lemma conductor_inter_ring_of_integers_eq:
  assumes K: "is_subfield K" and F: "is_subfield F" "F \<subseteq> K"
    and OF: "R \<inter> F = ring_of_integers F"
    and \<alpha>: "int_basis g \<alpha> (ring_of_integers F)"
    and \<tau>: "int_basis (2*g) \<tau> R" and \<omega>: "int_basis (2*g) \<omega> (ring_of_integers K)"
    and b: "\<forall>i<g. \<forall>j<2*g. \<alpha> i * \<omega> j = (\<Sum>k<2*g. of_rat (b i j k) * \<tau> k)"
  shows "conductor K R \<inter> ring_of_integers F
    = lin_comb g \<alpha> ` {c \<in> carrier_vec g. integral_vec (stacked_matrix g b *\<^sub>v c)}"
proof -
  have \<alpha>F: "\<alpha> l \<in> F" if "l < g" for l
    using \<alpha> that unfolding int_basis_def ring_of_integers_def by blast
  then have \<alpha>K: "\<alpha> l \<in> K" if "l < g" for l using F(2) that by blast
  note criterion = lin_comb_in_conductor_iff[OF K \<alpha>K \<tau> \<omega> b]
  have "conductor K R \<subseteq> R"
    using one_in_ring_of_integers[OF K] unfolding conductor_def by force
  moreover have "lin_comb g \<alpha> c \<in> F" for c using lin_comb_in_subfield[OF F(1) \<alpha>F] .
  ultimately have conductor_in_OF: "lin_comb g \<alpha> c \<in> ring_of_integers F"
    if "lin_comb g \<alpha> c \<in> conductor K R" for c
    using OF that by blast
  show ?thesis
  proof (intro equalityI subsetI)
    fix x assume x: "x \<in> conductor K R \<inter> ring_of_integers F"
    then obtain c where "c \<in> carrier_vec g" "x = lin_comb g \<alpha> c"
      using int_basis_eq_lin_comb_image[OF \<alpha>] by blast
    then show "x \<in> lin_comb g \<alpha> ` {c \<in> carrier_vec g. integral_vec (stacked_matrix g b *\<^sub>v c)}"
      using criterion x by blast
  next
    fix x assume "x \<in> lin_comb g \<alpha> ` {c \<in> carrier_vec g. integral_vec (stacked_matrix g b *\<^sub>v c)}"
    then obtain c where "c \<in> carrier_vec g" "integral_vec (stacked_matrix g b *\<^sub>v c)" "x = lin_comb g \<alpha> c"
      by blast
    then show "x \<in> conductor K R \<inter> ring_of_integers F" using criterion conductor_in_OF by blast
  qed
qed

theorem mainTheorem1:
  fixes K F R :: "complex set" and g :: nat
    and \<alpha> \<tau> \<omega> :: "nat \<Rightarrow> complex"
    and b :: "nat \<Rightarrow> nat \<Rightarrow> nat \<Rightarrow> rat"
    and M :: "rat mat" and d :: int and N U Hf H :: "int mat"
  assumes cm: "cm_field K"
    and deg: "\<exists>v. rat_basis (2*g) v K"
    and F: "max_totally_real_subfield K F"
    and ord: "is_order K R"
    and OF: "R \<inter> F = ring_of_integers F"
    and \<alpha>: "int_basis g \<alpha> (ring_of_integers F)"
    and \<tau>: "int_basis (2*g) \<tau> R"
    and \<omega>: "int_basis (2*g) \<omega> (ring_of_integers K)"
    and b: "\<forall>i<g. \<forall>j<2*g. \<alpha> i * \<omega> j = (\<Sum>k<2*g. of_rat (b i j k) * \<tau> k)"
    and M: "M = stacked_matrix g b"
    and d: "d = Gcd {d'::int. \<forall>r<dim_row M. \<forall>i<dim_col M. of_int d' * M $$ (r, i) \<in> \<int>}"
    and N: "N \<in> carrier_mat (dim_row M) (dim_col M)"
    and NdM: "map_mat rat_of_int N = of_int d \<cdot>\<^sub>m M"
    and U: "U \<in> carrier_mat (dim_row M) (dim_row M)" "invertible_mat U"
    and Hf: "Hf = U * N" "is_row_HNF Hf"
    and H: "H = mat (card {i. i < dim_row Hf \<and> row Hf i \<noteq> 0\<^sub>v (dim_col Hf)}) (dim_col Hf)
                   (\<lambda>(i, j). Hf $$ (i, j))"
  shows "H \<in> carrier_mat g g \<and> invertible_mat (map_mat rat_of_int H) \<and>
    (\<forall>Hinv. Hinv \<in> carrier_mat g g \<and> map_mat rat_of_int H * Hinv = 1\<^sub>m g
        \<and> Hinv * map_mat rat_of_int H = 1\<^sub>m g \<longrightarrow>
      conductor K R \<inter> ring_of_integers F =
        int_span g (\<lambda>i. \<Sum>l<g. \<alpha> l * of_rat (of_int d * Hinv $$ (l, i))))"
proof -
  have K: "is_subfield K" using cm unfolding cm_field_def number_field_def by blast
  have F': "is_subfield F" "F \<subseteq> K" using F unfolding max_totally_real_subfield_def by blast+
  have Mc: "M \<in> carrier_mat ((2*g) * (2*g)) g" using M stacked_matrix_carrier by simp
  have "1 \<in> int_span (2*g) \<omega>" using \<omega> one_in_ring_of_integers[OF K] by (simp add: int_basis_def)
  note M_inj = stacked_matrix_mult_vec_eq_0[OF \<alpha> this b, folded M]
  have d0: "d \<noteq> 0" unfolding d by (rule Gcd_common_denominators_neq_0)
  have N': "N \<in> carrier_mat ((2*g) * (2*g)) g" and U': "U \<in> carrier_mat ((2*g) * (2*g)) ((2*g) * (2*g))"
    using N U(1) Mc by auto
  note HNF = integral_preimage_via_row_HNF[OF Mc _ N' NdM d0 U' U(2) Hf H]
  have Hc: "H \<in> carrier_mat g g" and Hq_inv: "invertible_mat (map_mat rat_of_int H)"
    and lattice: "\<And>c. c \<in> carrier_vec g \<Longrightarrow>
      integral_vec (M *\<^sub>v c) \<longleftrightarrow> integral_vec ((1 / of_int d) \<cdot>\<^sub>v (map_mat of_int H *\<^sub>v c))"
    using HNF M_inj by blast+
  show ?thesis
  proof (intro conjI allI impI Hc Hq_inv)
    fix Hinv assume Hinv: "Hinv \<in> carrier_mat g g \<and> map_mat rat_of_int H * Hinv = 1\<^sub>m g
        \<and> Hinv * map_mat rat_of_int H = 1\<^sub>m g"
    have "conductor K R \<inter> ring_of_integers F
        = lin_comb g \<alpha> ` {c \<in> carrier_vec g. integral_vec (M *\<^sub>v c)}"
      using conductor_inter_ring_of_integers_eq[OF K F' OF \<alpha> \<tau> \<omega> b] M by simp
    also have "{c \<in> carrier_vec g. integral_vec (M *\<^sub>v c)}
        = {c \<in> carrier_vec g. integral_vec ((1 / of_int d) \<cdot>\<^sub>v (map_mat of_int H *\<^sub>v c))}"
      using lattice by blast
    also have "\<dots> = (\<lambda>w. (of_int d \<cdot>\<^sub>m Hinv) *\<^sub>v w) ` {w \<in> carrier_vec g. integral_vec w}"
      using Hinv Hc d0 by (intro integral_scaled_preimage_eq_image) auto
    also have "lin_comb g \<alpha> ` \<dots> = int_span g (\<lambda>i. \<Sum>l<g. \<alpha> l * of_rat (of_int d * Hinv $$ (l, i)))"
      using Hinv by (intro int_span_eq_image_mult_mat_vec[symmetric]) (auto simp: lin_comb_def)
    finally show "conductor K R \<inter> ring_of_integers F
        = int_span g (\<lambda>i. \<Sum>l<g. \<alpha> l * of_rat (of_int d * Hinv $$ (l, i)))" .
  qed
qed

end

* TO DO
Repeat the material above precisely.

* WORKED SOLUTION
lemma conductor_inter_ring_of_integers_eq:
  assumes K: "is_subfield K" and F: "is_subfield F" "F \<subseteq> K"
    and OF: "R \<inter> F = ring_of_integers F"
    and \<alpha>: "int_basis g \<alpha> (ring_of_integers F)"
    and \<tau>: "int_basis (2*g) \<tau> R" and \<omega>: "int_basis (2*g) \<omega> (ring_of_integers K)"
    and b: "\<forall>i<g. \<forall>j<2*g. \<alpha> i * \<omega> j = (\<Sum>k<2*g. of_rat (b i j k) * \<tau> k)"
  shows "conductor K R \<inter> ring_of_integers F
    = lin_comb g \<alpha> ` {c \<in> carrier_vec g. integral_vec (stacked_matrix g b *\<^sub>v c)}"
proof -
  have \<alpha>F: "\<alpha> l \<in> F" if "l < g" for l
    using \<alpha> that unfolding int_basis_def ring_of_integers_def by blast
  then have \<alpha>K: "\<alpha> l \<in> K" if "l < g" for l using F(2) that by blast
  note criterion = lin_comb_in_conductor_iff[OF K \<alpha>K \<tau> \<omega> b]
  have "conductor K R \<subseteq> R"
    using one_in_ring_of_integers[OF K] unfolding conductor_def by force
  moreover have "lin_comb g \<alpha> c \<in> F" for c using lin_comb_in_subfield[OF F(1) \<alpha>F] .
  ultimately have conductor_in_OF: "lin_comb g \<alpha> c \<in> ring_of_integers F"
    if "lin_comb g \<alpha> c \<in> conductor K R" for c
    using OF that by blast
  show ?thesis
  proof (intro equalityI subsetI)
    fix x assume x: "x \<in> conductor K R \<inter> ring_of_integers F"
    then obtain c where "c \<in> carrier_vec g" "x = lin_comb g \<alpha> c"
      using int_basis_eq_lin_comb_image[OF \<alpha>] by blast
    then show "x \<in> lin_comb g \<alpha> ` {c \<in> carrier_vec g. integral_vec (stacked_matrix g b *\<^sub>v c)}"
      using criterion x by blast
  next
    fix x assume "x \<in> lin_comb g \<alpha> ` {c \<in> carrier_vec g. integral_vec (stacked_matrix g b *\<^sub>v c)}"
    then obtain c where "c \<in> carrier_vec g" "integral_vec (stacked_matrix g b *\<^sub>v c)" "x = lin_comb g \<alpha> c"
      by blast
    then show "x \<in> conductor K R \<inter> ring_of_integers F" using criterion conductor_in_OF by blast
  qed
qed

theorem mainTheorem1:
  fixes K F R :: "complex set" and g :: nat
    and \<alpha> \<tau> \<omega> :: "nat \<Rightarrow> complex"
    and b :: "nat \<Rightarrow> nat \<Rightarrow> nat \<Rightarrow> rat"
    and M :: "rat mat" and d :: int and N U Hf H :: "int mat"
  assumes cm: "cm_field K"
    and deg: "\<exists>v. rat_basis (2*g) v K"
    and F: "max_totally_real_subfield K F"
    and ord: "is_order K R"
    and OF: "R \<inter> F = ring_of_integers F"
    and \<alpha>: "int_basis g \<alpha> (ring_of_integers F)"
    and \<tau>: "int_basis (2*g) \<tau> R"
    and \<omega>: "int_basis (2*g) \<omega> (ring_of_integers K)"
    and b: "\<forall>i<g. \<forall>j<2*g. \<alpha> i * \<omega> j = (\<Sum>k<2*g. of_rat (b i j k) * \<tau> k)"
    and M: "M = stacked_matrix g b"
    and d: "d = Gcd {d'::int. \<forall>r<dim_row M. \<forall>i<dim_col M. of_int d' * M $$ (r, i) \<in> \<int>}"
    and N: "N \<in> carrier_mat (dim_row M) (dim_col M)"
    and NdM: "map_mat rat_of_int N = of_int d \<cdot>\<^sub>m M"
    and U: "U \<in> carrier_mat (dim_row M) (dim_row M)" "invertible_mat U"
    and Hf: "Hf = U * N" "is_row_HNF Hf"
    and H: "H = mat (card {i. i < dim_row Hf \<and> row Hf i \<noteq> 0\<^sub>v (dim_col Hf)}) (dim_col Hf)
                   (\<lambda>(i, j). Hf $$ (i, j))"
  shows "H \<in> carrier_mat g g \<and> invertible_mat (map_mat rat_of_int H) \<and>
    (\<forall>Hinv. Hinv \<in> carrier_mat g g \<and> map_mat rat_of_int H * Hinv = 1\<^sub>m g
        \<and> Hinv * map_mat rat_of_int H = 1\<^sub>m g \<longrightarrow>
      conductor K R \<inter> ring_of_integers F =
        int_span g (\<lambda>i. \<Sum>l<g. \<alpha> l * of_rat (of_int d * Hinv $$ (l, i))))"
proof -
  have K: "is_subfield K" using cm unfolding cm_field_def number_field_def by blast
  have F': "is_subfield F" "F \<subseteq> K" using F unfolding max_totally_real_subfield_def by blast+
  have Mc: "M \<in> carrier_mat ((2*g) * (2*g)) g" using M stacked_matrix_carrier by simp
  have "1 \<in> int_span (2*g) \<omega>" using \<omega> one_in_ring_of_integers[OF K] by (simp add: int_basis_def)
  note M_inj = stacked_matrix_mult_vec_eq_0[OF \<alpha> this b, folded M]
  have d0: "d \<noteq> 0" unfolding d by (rule Gcd_common_denominators_neq_0)
  have N': "N \<in> carrier_mat ((2*g) * (2*g)) g" and U': "U \<in> carrier_mat ((2*g) * (2*g)) ((2*g) * (2*g))"
    using N U(1) Mc by auto
  note HNF = integral_preimage_via_row_HNF[OF Mc _ N' NdM d0 U' U(2) Hf H]
  have Hc: "H \<in> carrier_mat g g" and Hq_inv: "invertible_mat (map_mat rat_of_int H)"
    and lattice: "\<And>c. c \<in> carrier_vec g \<Longrightarrow>
      integral_vec (M *\<^sub>v c) \<longleftrightarrow> integral_vec ((1 / of_int d) \<cdot>\<^sub>v (map_mat of_int H *\<^sub>v c))"
    using HNF M_inj by blast+
  show ?thesis
  proof (intro conjI allI impI Hc Hq_inv)
    fix Hinv assume Hinv: "Hinv \<in> carrier_mat g g \<and> map_mat rat_of_int H * Hinv = 1\<^sub>m g
        \<and> Hinv * map_mat rat_of_int H = 1\<^sub>m g"
    have "conductor K R \<inter> ring_of_integers F
        = lin_comb g \<alpha> ` {c \<in> carrier_vec g. integral_vec (M *\<^sub>v c)}"
      using conductor_inter_ring_of_integers_eq[OF K F' OF \<alpha> \<tau> \<omega> b] M by simp
    also have "{c \<in> carrier_vec g. integral_vec (M *\<^sub>v c)}
        = {c \<in> carrier_vec g. integral_vec ((1 / of_int d) \<cdot>\<^sub>v (map_mat of_int H *\<^sub>v c))}"
      using lattice by blast
    also have "\<dots> = (\<lambda>w. (of_int d \<cdot>\<^sub>m Hinv) *\<^sub>v w) ` {w \<in> carrier_vec g. integral_vec w}"
      using Hinv Hc d0 by (intro integral_scaled_preimage_eq_image) auto
    also have "lin_comb g \<alpha> ` \<dots> = int_span g (\<lambda>i. \<Sum>l<g. \<alpha> l * of_rat (of_int d * Hinv $$ (l, i)))"
      using Hinv by (intro int_span_eq_image_mult_mat_vec[symmetric]) (auto simp: lin_comb_def)
    finally show "conductor K R \<inter> ring_of_integers F
        = int_span g (\<lambda>i. \<Sum>l<g. \<alpha> l * of_rat (of_int d * Hinv $$ (l, i)))" .
  qed
qed

end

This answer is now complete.